Tepuk tangan panjang, emosi yang mengalir, dan lagu-lagu yang akrab di hati menandai dimulainya rangkaian pementasan Musikal Perahu Kertas di Ciputra Artpreneur, Jakarta.
Dipersembahkan oleh Indonesia Kaya dan Trinity Entertainment Network, berkolaborasi dengan Trinity Youth Symphony Orchestra (TRUST), musikal ini akan berlangsung hingga 15 Februari 2026 dengan total 21 pertunjukan.

Sejak tirai dibuka, Musikal Perahu Kertas langsung membawa penonton masuk ke ruang perasaan, tentang mimpi yang tumbuh, pilihan hidup yang tak selalu mudah, serta keberanian untuk tetap setia pada diri sendiri.
Diadaptasi dari kisah ikonis karya Dee Lestari, pementasan ini tidak sekadar menghadirkan cerita Kugy dan Keenan, tetapi juga menghadirkan pengalaman emosional yang terasa dekat dan personal bagi banyak penonton.
Respons hangat terlihat sejak hari pertama. Antusiasme tak hanya datang dari pertunjukan akhir pekan, namun juga jadwal hari biasa yang dipenuhi penonton.
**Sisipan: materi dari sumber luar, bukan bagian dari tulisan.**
lemma power2_le_exp_mult_abs:
  fixes a x :: real
  assumes "0 < a"
  shows "x\<^sup>2 \<le> 2 * exp (a * \<bar>x\<bar>) / a\<^sup>2"
  using sum_exp_series_le_exp[of "a * \<bar>x\<bar>" "{2}"] assms
  by (simp add: field_simps)

lemma norm_exp_sub_one_sub_le:
  fixes z :: complex
  shows "norm (exp z - 1 - z) \<le> norm z ^ 2 * exp (norm z)"
  using Taylor_exp_field[of z "Suc 0"] by (simp add: mult.commute power2_eq_square diff_diff_eq)

lemma abs_exp_sub_one_le:
  fixes a :: real
  shows "\<bar>exp a - 1\<bar> \<le> \<bar>a\<bar> * exp \<bar>a\<bar>"
  using Taylor_exp_field[of a 0] by (simp add: mult.commute)

lemma norm_exp_i_mult_le:
  assumes "\<bar>Im z\<bar> \<le> s"
  shows "norm (exp (\<i> * z * of_real x)) \<le> exp (s * \<bar>x\<bar>)"
proof -
  have "- Im z * x \<le> \<bar>Im z\<bar> * \<bar>x\<bar>"
    by (metis abs_ge_minus_self abs_mult mult_minus_left)
  also have "\<dots> \<le> s * \<bar>x\<bar>"
    using assms by (rule mult_right_mono) simp
  finally show ?thesis
    by simp
qed

lemma norm_sum_exp_series_le:
  assumes "\<bar>Im z\<bar> + norm (w - z) \<le> s" "finite K"
  shows "norm (\<Sum>k\<in>K. exp (\<i> * z * of_real x) * (\<i> * of_real x * (w - z)) ^ k / fact k)
           \<le> exp (s * \<bar>x\<bar>)"
proof -
  have "norm (\<Sum>k\<in>K. exp (\<i> * z * of_real x) * (\<i> * of_real x * (w - z)) ^ k / fact k)
      \<le> norm (exp (\<i> * z * of_real x)) * (\<Sum>k\<in>K. (norm (w - z) * \<bar>x\<bar>) ^ k / fact k)"
    by (rule order_trans[OF norm_sum])
       (simp add: norm_mult norm_divide norm_power sum_distrib_left mult_ac)
  also have "\<dots> \<le> exp (\<bar>Im z\<bar> * \<bar>x\<bar>) * exp (norm (w - z) * \<bar>x\<bar>)"
    by (intro mult_mono norm_exp_i_mult_le sum_exp_series_le_exp assms(2)) (auto intro: sum_nonneg)
  also have "\<dots> \<le> exp (s * \<bar>x\<bar>)"
    using mult_right_mono[OF assms(1) abs_ge_zero[of x]] by (simp add: exp_add[symmetric] algebra_simps)
  finally show ?thesis .
qed

lemma norm_inverse_diff_le:
  fixes a d :: "'a::real_normed_field"
  assumes "norm (d - a) \<le> norm d / 2" "d \<noteq> 0"
  shows "a \<noteq> 0" "norm (1 / a - 1 / d) \<le> 2 * norm (d - a) / norm d ^ 2"
proof -
  have "norm d \<le> norm a + norm (d - a)"
    using norm_triangle_ineq[of a "d - a"] by simp
  then have a_large: "norm d / 2 \<le> norm a"
    using assms(1) by linarith
  then show "a \<noteq> 0"
    using assms(2) by auto
  then have "norm (1 / a - 1 / d) = norm (d - a) / (norm a * norm d)"
    using assms(2) by (simp add: field_simps norm_divide norm_mult)
  also have "\<dots> \<le> norm (d - a) / (norm d / 2 * norm d)"
    using a_large assms(2) \<open>a \<noteq> 0\<close> by (intro divide_left_mono mult_right_mono) auto
  also have "\<dots> = 2 * norm (d - a) / norm d ^ 2"
    by (simp add: power2_eq_square)
  finally show "norm (1 / a - 1 / d) \<le> 2 * norm (d - a) / norm d ^ 2" .
qed

lemma Kfun_bound_away_from_0:
  assumes "0 < c" "c \<le> mean p" "0 < r" "r \<le> norm z" "0 < \<delta>" "\<delta> \<le> norm (1 - cfz p z)"
  shows "cfz p z \<noteq> 1" "norm (Kfun p z) \<le> 1 / \<delta> + 1 / (c * r)"
proof -
  show "cfz p z \<noteq> 1"
    using assms by auto
  have "norm (Kfun p z) \<le> norm (1 / (1 - cfz p z)) + norm (1 / (- \<i> * of_real (mean p) * z))"
    unfolding Kfun_def by (rule norm_triangle_ineq4)
  also have "\<dots> = 1 / norm (1 - cfz p z) + 1 / (mean p * norm z)"
    using assms by (simp add: norm_divide norm_mult)
  also have "\<dots> \<le> 1 / \<delta> + 1 / (c * r)"
    using assms by (intro add_mono divide_left_mono mult_mono mult_pos_pos) auto
  finally show "norm (Kfun p z) \<le> 1 / \<delta> + 1 / (c * r)" .
qed

section \<open>Characteristic functions with an exponential moment\<close>

lemma Re_one_minus_cfz_of_real:
  assumes "prob_space p" "sets p = sets borel"
  shows "Re (1 - cfz p (of_real x)) = (\<integral>t. 1 - cos (x * t) \<partial>p)"
proof -
  interpret prob_space p by fact
  have meas: "f \<in> borel_measurable p" if "continuous_on UNIV f" for f :: "real \<Rightarrow> 'a::topological_space"
    using borel_measurable_continuous_onI[OF that] measurable_cong_sets[OF assms(2) refl] by blast
  have "integrable p (\<lambda>t. exp (\<i> * of_real x * of_real t))"
    by (intro integrable_const_bound[where B=1] meas continuous_intros) simp
  moreover have "integrable p (\<lambda>t. cos (x * t))"
    by (intro integrable_const_bound[where B=1] meas continuous_intros) simp
  ultimately show ?thesis
    by (simp add: cfz_def prob_space Re_exp mult_ac Bochner_Integration.integral_diff flip: integral_Re)
qed

locale exp_moment = prob_space p for p :: "real measure" +
  fixes \<tau> B :: real
  assumes sets_eq_borel: "sets p = sets borel"
    and tau_pos: "0 < \<tau>"
    and nn_integral_exp_le: "(\<integral>\<^sup>+ x. ennreal (exp (\<tau> * \<bar>x\<bar>)) \<partial>p) \<le> ennreal B"
begin

lemma borel_measurable_p: "f \<in> borel_measurable borel \<Longrightarrow> f \<in> borel_measurable p"
  using measurable_cong_sets[OF sets_eq_borel refl] by metis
Di media sosial, banyak yang membagikan kesan tentang bagaimana musikal ini membuat mereka tersenyum, terdiam, bahkan larut dalam kenangan akan mimpi-mimpi yang pernah mereka simpan.
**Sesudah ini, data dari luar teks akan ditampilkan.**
lemma asd_le_imp_graph_embedding:
  assumes G: "fin_graph V E" and G': "fin_graph V' E'" and "no_isolated V E"
    and cardV: "card V \<ge> 4" and le: "asd_le (graph_device V E) (graph_device V' E')"
  shows "\<exists>\<phi>. graph_embedding V E V' E' \<phi>"
proof -
  obtain \<phi> \<alpha> where \<phi>: "\<phi> \<in> V \<rightarrow> V'"
    and \<alpha>: "\<alpha> \<in> edge_partition V ` E \<rightarrow> edge_partition V' ` E'"
    and ref: "\<forall>\<pi>\<in>edge_partition V ` E. refines (pullback (\<alpha> \<pi>) \<phi> V) \<pi>"
    using le unfolding asd_le_def graph_device_def by auto
  have target: "\<exists>e'\<in>E'. refines (pullback (edge_partition V' e') \<phi> V) (edge_partition V e)"
    if e: "e \<in> E" for e
  proof -
    from \<alpha> e obtain e' where "e' \<in> E'" "\<alpha> (edge_partition V e) = edge_partition V' e'"
      by blast
    then show ?thesis using ref e by (metis imageI)
  qed
  have inj: "inj_on \<phi> V"
    by (rule refines_pullback_edge_partition_inj[OF \<phi>])
      (use assms(3) target in \<open>auto simp: no_isolated_def\<close>)
  have "\<phi> ` e \<in> E'" if e: "e \<in> E" for e
  proof -
    obtain e' where e': "e' \<in> E'"
      and ref_e: "refines (pullback (edge_partition V' e') \<phi> V) (edge_partition V e)"
      using target e by blast
    have eV: "e \<subseteq> V" and card_e: "card e = 2" and card_e': "card e' = 2"
      using fin_graph_edge_subset[OF G e] fin_graph_edge_card[OF G e]
        fin_graph_edge_card[OF G' e'] .
    have "finite V" using G by (simp add: fin_graph_def)
    then have "\<phi> ` e \<subseteq> e'"
      using refines_pullback_edge_partition_image_subset[OF ref_e \<phi> inj eV] cardV card_e'
      by simp
    moreover have "card (\<phi> ` e) = card e'"
      using card_image[OF inj_on_subset[OF inj eV]] card_e card_e' by simp
    ultimately have "\<phi> ` e = e'"
      using card_e' by (intro card_subset_eq) (auto intro: card_ge_0_finite)
    then show ?thesis using e' by simp
  qed
  then show ?thesis using inj \<phi> unfolding graph_embedding_def by blast
qed

lemma graph_contained_imp_embedding:
  assumes G: "fin_graph V E" and "graph_contained V E V' E'"
  shows "\<exists>f. graph_embedding V E V' E' f"
proof -
  obtain V0 E0 f where V0: "V0 \<subseteq> V'" and E0: "E0 \<subseteq> E'" and bij: "bij_betw f V V0"
    and edges: "\<forall>u\<in>V. \<forall>v\<in>V. {u, v} \<in> E \<longleftrightarrow> {f u, f v} \<in> E0"
    using assms(2) unfolding graph_contained_def graph_iso_def by blast
  have "f ` e \<in> E'" if e: "e \<in> E" for e
  proof -
    from G e obtain u v where "e = {u, v}" "u \<in> V" "v \<in> V"
      by (rule fin_graph_edgeE)
    then show ?thesis using e edges E0 by auto
  qed
  moreover have "inj_on f V" "f \<in> V \<rightarrow> V'"
    using bij V0 by (auto simp: bij_betw_def)
  ultimately show ?thesis unfolding graph_embedding_def by blast
qed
Bagi Dee Lestari, yang hadir secara spesial pada pementasan 30 dan 31 Januari 2026, perjalanan Perahu Kertas ke panggung musikal adalah bentuk manifestasi mimpi yang dijaga dengan sabar.
Dari novel, film, hingga musikal, kisah ini terus menemukan cara baru untuk menyentuh hati.
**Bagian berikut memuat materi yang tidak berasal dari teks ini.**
(* Let $n\geq0$ and $F\in\mathbf{F}(n)$. Then $f_F=\sum_{G\in\mathbf{F}(n),\,G\leq m(F)}\mu(G,m(F))\,G$.
   Context: Let $K$ be a field. Planar rooted trees have their children linearly ordered left to right; a planar forest is a finite, possibly empty, sequence $t_1\cdots t_n$ of planar rooted trees ($1$ = empty forest); $\mathbf{F}(n)$ is the (finite) set of planar forests with $n$ vertices. $\mathcal{H}$ is the free associative unital $K$-algebra on planar rooted trees, with basis the planar forests and product concatenation. $B^+(F)$ is the tree obtained by grafting the trees of $F$ on a new common root; $\varepsilon(F)=\delta_{F,1}$. $\Delta$ is the unique linear map with $\Delta(1)=1\otimes1$, $\Delta(xy)=(x\otimes1)\Delta(y)+\Delta(x)(1\otimes y)-x\otimes y$, $\Delta(B^+(x))=B^+(x)\otimes 1+(\mathrm{Id}\otimes B^+)\Delta(x)$. $\gamma$ is linear with $\gamma(t_1\cdots t_n)=\delta_{t_1,\bullet}t_2\cdots t_n$ ($\bullet$ the one-vertex tree), $\gamma(1)=0$. $\langle-,-\rangle$ is the unique bilinear form with $\langle1,x\rangle=\varepsilon(x)$, $\langle xy,z\rangle=\langle y\otimes x,\Delta(z)\rangle$ (with $\langle a\otimes b,c\otimes d\rangle=\langle a,c\rangle\langle b,d\rangle$), $\langle B^+(x),y\rangle=\langle x,\gamma(y)\rangle$; it is non-degenerate and forests of different weights are orthogonal; $(f_F)$ is the dual basis: $\langle f_F,G\rangle=\delta_{F,G}$ for all forests $G$. $m$ is the map on planar forests defined recursively by $m(1)=1$, $m(B^+(F_1)F_2)=B^+(m(F_2))m(F_1)$ (it preserves the number of vertices). Order on forests: an admissible transformation chooses a vertex $s$ which is the leftmost child of its parent $u$; if $u$ is not a root, with parent $r$, the subtree rooted at $s$ is moved to become a child of $r$ immediately to the left of $u$; if $u$ is a root, the subtree rooted at $s$ becomes a new tree immediately to the left of the tree of $u$; everything else unchanged. $F\leq G$ iff $G$ is obtained from $F$ by a finite (possibly empty) sequence of admissible transformations; this is a partial order on each $\mathbf{F}(n)$. $\mu:\mathbf{F}(n)^2\to K$ is the Möbius function of the poset $(\mathbf{F}(n),\leq)$: $\mu(F,G)=0$ if $F\not\leq G$, and $\sum_{G:\,F\leq G\leq H}\mu(F,G)=\delta_{F,H}$ whenever $F\leq H$. *)

theory Defs
  imports Main
begin

text \<open>A planar rooted tree is a root with an ordered (left to right) list of
children subtrees; a planar forest is a list of planar trees (empty list = 1).\<close>

datatype ptree = Node "ptree list"

type_synonym forest = "ptree list"

text \<open>B+ (grafting on a new root) is the constructor Node; the one-vertex tree is Node [].\<close>

primrec nv :: "ptree \<Rightarrow> nat" and nvf :: "forest \<Rightarrow> nat" where
  "nv (Node F) = Suc (nvf F)"
| "nvf [] = 0"
| "nvf (t # F) = nv t + nvf F"

definition forests :: "nat \<Rightarrow> forest set" where
  "forests n = {F. nvf F = n}"

text \<open>Coefficient of A \<otimes> B in Delta(G), computed from the defining rules:
Delta(1) = 1 \<otimes> 1, and for G = t y with t = B+(x) a tree,
Delta(t y) = (t \<otimes> 1) Delta(y) + Delta(t) (1 \<otimes> y) - t \<otimes> y,
Delta(t) = t \<otimes> 1 + (Id \<otimes> B+) Delta(x).\<close>

fun delta :: "forest \<Rightarrow> forest \<Rightarrow> forest \<Rightarrow> 'a::field" where
  "delta [] A B = (if A = [] \<and> B = [] then 1 else 0)"
| "delta (Node x # y) A B =
     (case A of [] \<Rightarrow> 0 | t' # A' \<Rightarrow> if t' = Node x then delta y A' B else 0)
   + (if length y \<le> length B \<and> drop (length B - length y) B = y then
        (let B' = take (length B - length y) B in
           (if A = [Node x] \<and> B' = [] then 1 else 0)
         + (case B' of [Node C] \<Rightarrow> delta x A C | _ \<Rightarrow> 0))
      else 0)
   - (if A = [Node x] \<and> B = y then 1 else 0)"

text \<open>Pairs of forests whose total number of vertices is w (contains the support
of Delta(G) when G has w vertices).\<close>
definition wpairs :: "nat \<Rightarrow> (forest \<times> forest) set" where
  "wpairs w = {(G1, G2). nvf G1 + nvf G2 = w}"

text \<open>The pairing on basis elements: <1,G> = eps(G); <x y, z> = <y \<otimes> x, Delta z>
(applied with x the first tree); <B+(x), y> = <x, gamma(y)>.\<close>

fun pair :: "forest \<Rightarrow> forest \<Rightarrow> 'a::field" where
  "pair [] G = (if G = [] then 1 else 0)"
| "pair [Node x] G = (case G of [] \<Rightarrow> 0 | t1 # G2 \<Rightarrow> if t1 = Node [] then pair x G2 else 0)"
| "pair (t # t' # F) G =
     (\<Sum>(G1, G2) \<in> wpairs (nvf G). delta G G1 G2 * pair (t' # F) G1 * pair [t] G2)"

text \<open>Elements of H are finitely supported coefficient functions on forests;
the pairing extended linearly in the first argument.\<close>
definition hpair :: "(forest \<Rightarrow> 'a::field) \<Rightarrow> forest \<Rightarrow> 'a" where
  "hpair x G = (\<Sum>H \<in> {H. x H \<noteq> 0}. x H * pair H G)"

definition is_dual_basis_elem :: "forest \<Rightarrow> (forest \<Rightarrow> 'a::field) \<Rightarrow> bool" where
  "is_dual_basis_elem F x \<longleftrightarrow> finite {H. x H \<noteq> 0} \<and>
     (\<forall>G. hpair x G = (if G = F then 1 else 0))"

fun mf :: "forest \<Rightarrow> forest" where
  "mf [] = []"
| "mf (Node F1 # F2) = Node (mf F2) # mf F1"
Secara artistik, Musikal Perahu Kertas memadukan kekuatan cerita, musik, gerak, dan visual panggung.
Lagu-lagu orisinal karya Ifa Fachir dan Simhala Avadana, termasuk lagu ikonik Perahu Kertas, menjadi pengikat emosi yang mengalun sepanjang pertunjukan.
Koreografi dan penyutradaraan Venytha Yoshiantini memperkuat perjalanan batin para karakter, menjadikan kisah ini tidak hanya ditonton, tetapi benar-benar dirasakan. 
Dengan melibatkan lebih dari 250 orang, mulai dari pemeran, musisi, hingga tim kreatif, pementasan ini juga menjadi ruang tumbuh bagi talenta muda seni pertunjukan Indonesia.
Energi kolektif tersebut terasa di atas panggung, menghadirkan sebuah pertunjukan yang hangat, jujur, dan penuh kehidupan.
Yonathan Nugroho, Produser Eksekutif Musikal Perahu Kertas dan CEO Trinity Entertainment Network menyampaikan,
“Perahu Kertas telah menjadi bagian dari perjalanan Trinity Entertainment Network, tumbuh bersama mimpi-mimpi di dalamnya. Merupakan sebuah kehormatan bagi kami untuk berkolaborasi dengan Indonesia Kaya mempersembahkan Musikal Perahu Kertas, sebuah karya yang lebih dari sekadar adaptasi medium, melainkan juga upaya merawat sebuah cerita agar jiwanya tetap utuh. Musikal ini merupakan wujud komitmen kami untuk mendukung industri pertunjukan Indonesia dan menghadirkan karya lokal yang relevan, jujur, dan berkualitas melalui kolaborasi para kreator terbaik. Kami mengapresiasi seluruh tim kreatif, pemeran, mitra dan semua yang terlibat dalam mewujudkan karya ini di atas panggung.”